Abstract
Shifting sites of blood cell production during development is common across widely divergent phyla. In zebrafish, like other vertebrates, hematopoietic development has been roughly divided into two waves, termed primitive and definitive. Primitive hematopoiesis is characterized by the generation of embryonic erythrocytes in the intermediate cell mass and a distinct population of macrophages that arises from cephalic mesoderm. The generation of definitive, or multilineage, hematopoietic precursors during embryogenesis remains less well understood. Here we show, using a combination of gene expression analyses, prospective isolation approaches, hematopoietic progenitor cultures, transplantation, and in vivo lineage tracing experiments, that definitive hematopoiesis initiates through committed erythromyeloid progenitors (EMPs) in the posterior blood island (PBI) that arise independently of hematopoietic stem cells (HSCs). EMPs isolated by coexpression of fluorescent transgenes driven by the lmo2 and gata1 promoters exhibit an immature, blastic morphology and express only erythroid and myeloid genes. Transplanted EMPs home to the PBI, show limited proliferative potential, and do not seed subsequent hematopoietic sites such as the thymus or pronephros.

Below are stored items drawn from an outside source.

lemma uniformly_continuous_iterates:
  assumes "continuous_on UNIV T" "d > 0"
  obtains e where "e > 0"
    "\<And>u v k. dist u v \<le> e \<Longrightarrow> k \<le> m \<Longrightarrow> dist ((T^^k) u) ((T^^k) v) \<le> d"
proof -
  have "continuous_on UNIV (T^^k)" for k
    by (induction k) (auto intro: continuous_on_compose2[OF assms(1)])
  then have "uniformly_continuous_on UNIV (T^^k)" for k
    using compact_space by (rule compact_uniformly_continuous)
  have "\<forall>\<^sub>F e in at_right 0. \<forall>u v. dist u v \<le> e \<longrightarrow> dist ((T^^k) u) ((T^^k) v) \<le> d" for k
  proof -
    have "\<exists>\<delta>>0. \<forall>x\<in>UNIV. \<forall>x'\<in>UNIV. dist x' x < \<delta> \<longrightarrow> dist ((T^^k) x') ((T^^k) x) < d"
      using \<open>uniformly_continuous_on UNIV (T^^k)\<close> assms(2)
      unfolding uniformly_continuous_on_def by blast
    then obtain \<delta> where \<delta>: "\<delta> > 0" "\<And>u v. dist u v < \<delta> \<Longrightarrow> dist ((T^^k) u) ((T^^k) v) < d"
      by auto
    show ?thesis unfolding eventually_at_right_field
    proof (intro exI conjI allI impI)
      fix e :: real and u v :: 'a assume "e < \<delta>" "dist u v \<le> e"
      then show "dist ((T^^k) u) ((T^^k) v) \<le> d" using \<delta>(2)[of u v] by simp
    qed (rule \<delta>(1))
  qed
  then have "\<forall>\<^sub>F e in at_right 0. \<forall>k\<in>{..m}. \<forall>u v. dist u v \<le> e \<longrightarrow> dist ((T^^k) u) ((T^^k) v) \<le> d"
    by (intro eventually_ball_finite) auto
  then obtain b :: real where b: "b > 0"
    "\<forall>e>0. e < b \<longrightarrow> (\<forall>k\<in>{..m}. \<forall>u v. dist u v \<le> e \<longrightarrow> dist ((T^^k) u) ((T^^k) v) \<le> d)"
    unfolding eventually_at_right_field by auto
  show ?thesis
  proof (rule that)
    show "b/2 > 0" using b(1) by simp
    fix u v :: 'a and k assume "dist u v \<le> b/2" "k \<le> m"
    then show "dist ((T^^k) u) ((T^^k) v) \<le> d" using b(2)[rule_format, of "b/2"] b(1) by auto
  qed
qed

lemma rspan_le_rspan_mult_card_net:
  fixes K :: "'a set"
  assumes "S \<subseteq> {..<n}" "e > 0"
    and "\<And>u v k. dist u v \<le> e \<Longrightarrow> k \<le> m \<Longrightarrow> dist ((T^^k) u) ((T^^k) v) \<le> d"
    and K: "finite K" "\<forall>x. \<exists>k\<in>K. dist x k < d/2"
  shows "rspan T {..<n} (2*d) \<le> rspan T S e * card K ^ card ({..<n} - dilation m n S)"
proof -
  have "finite S" using assms(1) finite_subset by blast
  then obtain F where F: "finite F" "spanning T S e F" "card F = rspan T S e"
    using assms(2) by (rule rspan_attained)
  have "spanning T (dilation m n S) d F" using F(2) assms(3) by (rule spanning_dilation)
  moreover have "finite ({..<n} - dilation m n S)" by simp
  ultimately obtain G where G: "finite G" "card G \<le> card F * card K ^ card ({..<n} - dilation m n S)"
    "spanning T (dilation m n S \<union> ({..<n} - dilation m n S)) (2*d) G"
    by (rule spanning_extend[OF K F(1)])
  have "dilation m n S \<union> ({..<n} - dilation m n S) = {..<n}"
    unfolding dilation_def by auto
  then show ?thesis using rspan_le_card[of G] G F(3) by fastforce
qed

lemma ln_rspan_mono:
  assumes "finite S'" "S \<subseteq> S'" "0 < e" "e \<le> e'"
  shows "ln (real (rspan T S e')) \<le> ln (real (rspan T S' e))"
proof -
  have "0 < rspan T S e'"
    using rspan_pos[OF finite_subset[OF assms(2,1)]] assms(3,4) by simp
  then show ?thesis using rspan_mono[OF assms] by simp
qed

lemma Asc_antimono:
  assumes "\<And>n S. S \<subseteq> {..<n} \<Longrightarrow> 0 \<le> c n S" "0 < e" "e \<le> e'"
  shows "Asc c T e' \<le> Asc c T e"
  unfolding Asc_def using assms finite_subset
  by (intro limsup_weighted_mean_mono ln_rspan_mono) auto

lemma Asc_le_Asc':
  assumes "\<And>n S. S \<subseteq> {..<n} \<Longrightarrow> 0 \<le> c n S" "0 < e"
  shows "Asc c T e \<le> Asc' c T e"
  unfolding Asc_def Asc'_def
proof (rule limsup_weighted_mean_mono)
  fix n and S :: "nat set" assume "S \<subseteq> {..<n}"
  then have "finite S" using finite_subset by blast
  then have "0 < rspan T S e" "rspan T S e \<le> ssep T S e"
    using rspan_pos rspan_le_ssep assms(2) by blast+
  then show "ln (real (rspan T S e)) \<le> ln (real (ssep T S e))" by simp
qed (use assms in blast)

lemma Asc'_le_Asc_half:
  assumes "\<And>n S. S \<subseteq> {..<n} \<Longrightarrow> 0 \<le> c n S" "0 < e"
  shows "Asc' c T e \<le> Asc c T (e/2)"
  unfolding Asc_def Asc'_def
proof (rule limsup_weighted_mean_mono)
  fix n and S :: "nat set" assume "S \<subseteq> {..<n}"
  then have "finite S" using finite_subset by blast
  then have "0 < ssep T S e" "ssep T S e \<le> rspan T S (e/2)"
    using rspan_pos[of S e] rspan_le_ssep[of S e] ssep_le_rspan_half assms(2) by simp_all
  then show "ln (real (ssep T S e)) \<le> ln (real (rspan T S (e/2)))" by simp
qed (use assms in blast)

lemma Asc_le_htop_at:
  assumes "\<And>n S. S \<subseteq> {..<n} \<Longrightarrow> 0 \<le> c n S" "\<And>n. (\<Sum>S\<in>Pow {..<n}. c n S) \<le> 1" "0 < e"
  shows "Asc c T e \<le> htop_at T e"
  unfolding Asc_def htop_at_def
proof (intro Limsup_mono always_eventually allI)
  fix n
  define L where "L = ln (real (rspan T {..<n} e))"
  have "0 \<le> L" unfolding L_def using rspan_pos[of "{..<n}" e] assms(3) by (simp add: Suc_le_eq)
  have "(\<Sum>S\<in>Pow {..<n}. c n S * ln (real (rspan T S e))) \<le> (\<Sum>S\<in>Pow {..<n}. c n S * L)"
    unfolding L_def using assms(1,3) by (intro sum_mono mult_left_mono ln_rspan_mono) auto
  also have "\<dots> = (\<Sum>S\<in>Pow {..<n}. c n S) * L" by (simp add: sum_distrib_right)
  also have "\<dots> \<le> L" using mult_right_mono[OF assms(2) \<open>0 \<le> L\<close>] by simp
  finally show "ereal (1 / real n * (\<Sum>S\<in>Pow {..<n}. c n S * ln (real (rspan T S e))))
      \<le> ereal (ln (real (rspan T {..<n} e)) / real n)"
    unfolding L_def by (simp add: divide_right_mono)
qed

lemma ln_rspan_le_mean:
  fixes K :: "'a set"
  assumes "e > 0"
    and "\<And>u v k. dist u v \<le> e \<Longrightarrow> k \<le> m \<Longrightarrow> dist ((T^^k) u) ((T^^k) v) \<le> d"
    and K: "finite K" "\<forall>x. \<exists>k\<in>K. dist x k < d/2"
  shows "ln (real (rspan T {..<n} (2*d)))
    \<le> (\<Sum>S\<in>Pow {..<n}. ln (real (rspan T S e))) / 2^n + ln (real (card K)) * (real m + real n / 2 ^ Suc m)"
proof -
  define c where "c = ln (real (card K))"
  define B where "B S = real (card ({..<n} - dilation m n S))" for S
  have "card K > 0" using K by (auto simp: card_gt_0_iff)
  then have "0 \<le> c" unfolding c_def by simp
  have "0 < d" using K(2) zero_le_dist[of undefined] by (metis le_less_trans half_gt_zero_iff)
  have cover: "ln (real (rspan T {..<n} (2*d))) \<le> ln (real (rspan T S e)) + B S * c"
    if "S \<subseteq> {..<n}" for S
  proof -
    have "0 < rspan T S e" using that finite_subset rspan_pos[OF _ assms(1)] by blast
    have "real (rspan T {..<n} (2*d)) \<le> real (rspan T S e) * real (card K) ^ card ({..<n} - dilation m n S)"
      using rspan_le_rspan_mult_card_net[where m=m and d=d, OF that assms(1,2) K]
      by (metis of_nat_le_iff of_nat_mult of_nat_power)
    moreover have "0 < rspan T {..<n} (2*d)" using rspan_pos \<open>0 < d\<close> by simp
    ultimately have "ln (real (rspan T {..<n} (2*d)))
        \<le> ln (real (rspan T S e) * real (card K) ^ card ({..<n} - dilation m n S))"
      by simp
    also have "\<dots> = ln (real (rspan T S e)) + B S * c"
      using \<open>0 < rspan T S e\<close> \<open>card K > 0\<close> unfolding B_def c_def by (simp add: ln_mult ln_realpow)
    finally show ?thesis .
  qed
  define \<Sigma> where "\<Sigma> = (\<Sum>S\<in>Pow {..<n}. ln (real (rspan T S e)))"
  have "ln (real (rspan T {..<n} (2*d))) = (\<Sum>S\<in>Pow {..<n}. ln (real (rspan T {..<n} (2*d)))) / 2^n"
    by (simp add: card_Pow)
  also have "\<dots> \<le> (\<Sum>S\<in>Pow {..<n}. ln (real (rspan T S e)) + B S * c) / 2^n"
    using cover by (intro divide_right_mono sum_mono) auto
  also have "\<dots> = \<Sigma> / 2^n + c * (\<Sum>S\<in>Pow {..<n}. B S) / 2^n"
    unfolding \<Sigma>_def by (simp add: sum.distrib sum_distrib_left add_divide_distrib mult.commute)
  also have "\<dots> \<le> \<Sigma> / 2^n + c * (real m * 2^n + real n * 2^n / 2 ^ Suc m) / 2^n"
    using sum_card_undilated_le[of n m] \<open>0 \<le> c\<close> unfolding B_def
    by (intro add_left_mono divide_right_mono mult_left_mono) auto
  also have "\<dots> = \<Sigma> / 2^n + c * (real m + real n / 2 ^ Suc m)"
    by (simp add: field_simps)
  finally show ?thesis unfolding \<Sigma>_def c_def .
qed

lemma htop_at_le_Asc_add:
  assumes "continuous_on UNIV T" "d > 0" "\<epsilon> > 0"
  obtains e where "e > 0" "htop_at T d \<le> Asc uniform_coeffs T e + ereal \<epsilon>"
proof -
  have "(d/2)/2 > 0" using assms(2) by simp
  then obtain K :: "'a set" where K: "finite K" "\<forall>x. \<exists>k\<in>K. dist x k < (d/2)/2"
    by (rule finite_net)
  define c where "c = ln (real (card K))"
  have "card K > 0" using K by (auto simp: card_gt_0_iff)
  then have "0 \<le> c" unfolding c_def by simp
  obtain m where m: "(1/2::real) ^ m < \<epsilon> / (c + 1)"
    using real_arch_pow_inv[of "\<epsilon> / (c + 1)" "1/2"] assms(3) \<open>0 \<le> c\<close> by auto
  have "c / 2^m \<le> (c + 1) * (1/2) ^ m" by (simp add: power_one_over divide_right_mono)
  also have "\<dots> < (c + 1) * (\<epsilon> / (c + 1))" using m \<open>0 \<le> c\<close> by (intro mult_strict_left_mono) auto
  finally have "c / 2^m < \<epsilon>" using \<open>0 \<le> c\<close> by simp
  have "d/2 > 0" using assms(2) by simp
  with assms(1) obtain e where e: "e > 0"
    "\<And>u v k. dist u v \<le> e \<Longrightarrow> k \<le> m \<Longrightarrow> dist ((T^^k) u) ((T^^k) v) \<le> d/2"
    by (rule uniformly_continuous_iterates[where m=m]) blast
  define a where "a n = 1 / real n * (\<Sum>S\<in>Pow {..<n}. 1 / 2 ^ n * ln (real (rspan T S e)))" for n
  have "ln (real (rspan T {..<n} d)) / real n \<le> a n + c / 2^m" if n: "n \<ge> Suc (m * 2 ^ Suc m)" for n
  proof -
    have "0 < real n" using n by simp
    have "real (m * 2 ^ Suc m) \<le> real n" using n by linarith
    then have "real m / real n \<le> 1 / 2 ^ Suc m" using \<open>0 < real n\<close> by (simp add: field_simps)
    have "ln (real (rspan T {..<n} d))
        \<le> (\<Sum>S\<in>Pow {..<n}. ln (real (rspan T S e))) / 2^n + c * (real m + real n / 2 ^ Suc m)"
      using ln_rspan_le_mean[OF e K] unfolding c_def by simp
    then have "ln (real (rspan T {..<n} d)) / real n
        \<le> ((\<Sum>S\<in>Pow {..<n}. ln (real (rspan T S e))) / 2^n + c * (real m + real n / 2 ^ Suc m)) / real n"
      using \<open>0 < real n\<close> by (simp add: divide_right_mono)
    also have "\<dots> = a n + c * (real m / real n) + c / 2 ^ Suc m"
      using \<open>0 < real n\<close> unfolding a_def by (simp add: sum_divide_distrib add_divide_distrib) (simp add: field_simps)
    also have "\<dots> \<le> a n + c / 2 ^ Suc m + c / 2 ^ Suc m"
      using mult_left_mono[OF \<open>real m / real n \<le> 1 / 2 ^ Suc m\<close> \<open>0 \<le> c\<close>] by simp
    also have "\<dots> = a n + c / 2 ^ m" by simp
    finally show ?thesis .
  qed
  then have "htop_at T d \<le> limsup (\<lambda>n. ereal (a n) + ereal (c / 2^m))"
    unfolding htop_at_def by (intro Limsup_mono) (auto simp: eventually_sequentially)
  also have "\<dots> = Asc uniform_coeffs T e + ereal (c / 2^m)"
    unfolding Asc_def a_def by (subst Limsup_add_ereal_right) simp_all
  also have "\<dots> \<le> Asc uniform_coeffs T e + ereal \<epsilon>"
    using \<open>c / 2^m < \<epsilon>\<close> by (intro add_left_mono) simp
  finally show ?thesis using e(1) that by blast
qed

In vivo fate mapping studies similarly demonstrate that EMPs possess only transient proliferative potential, with differentiated progeny remaining largely within caudal hematopoietic tissue. By contrast, fate mapping studies of CD41:eGFP+ cells residing in the aorta/gonads/mesonephros (AGM) region demonstrate robust colonization of the pronephros and thymus. Using timelapse microscopy, we show that these sites of adult hematopoiesis are seeded by CD41+ cells that migrate along the pronephric ducts from the AGM. These studies provide phenotypic and functional analyses of the first hematopoietic stem and progenitor cells in the zebrafish embryo and demonstrate that definitive hematopoiesis proceeds through two distinct waves during embryonic development.
This work is supported by a Scholar Award from the American Society of Hematology, a Young Investigator Award from the Beckman Foundation, and the NIH.
Author notes
Disclosure: No relevant conflicts of interest to declare.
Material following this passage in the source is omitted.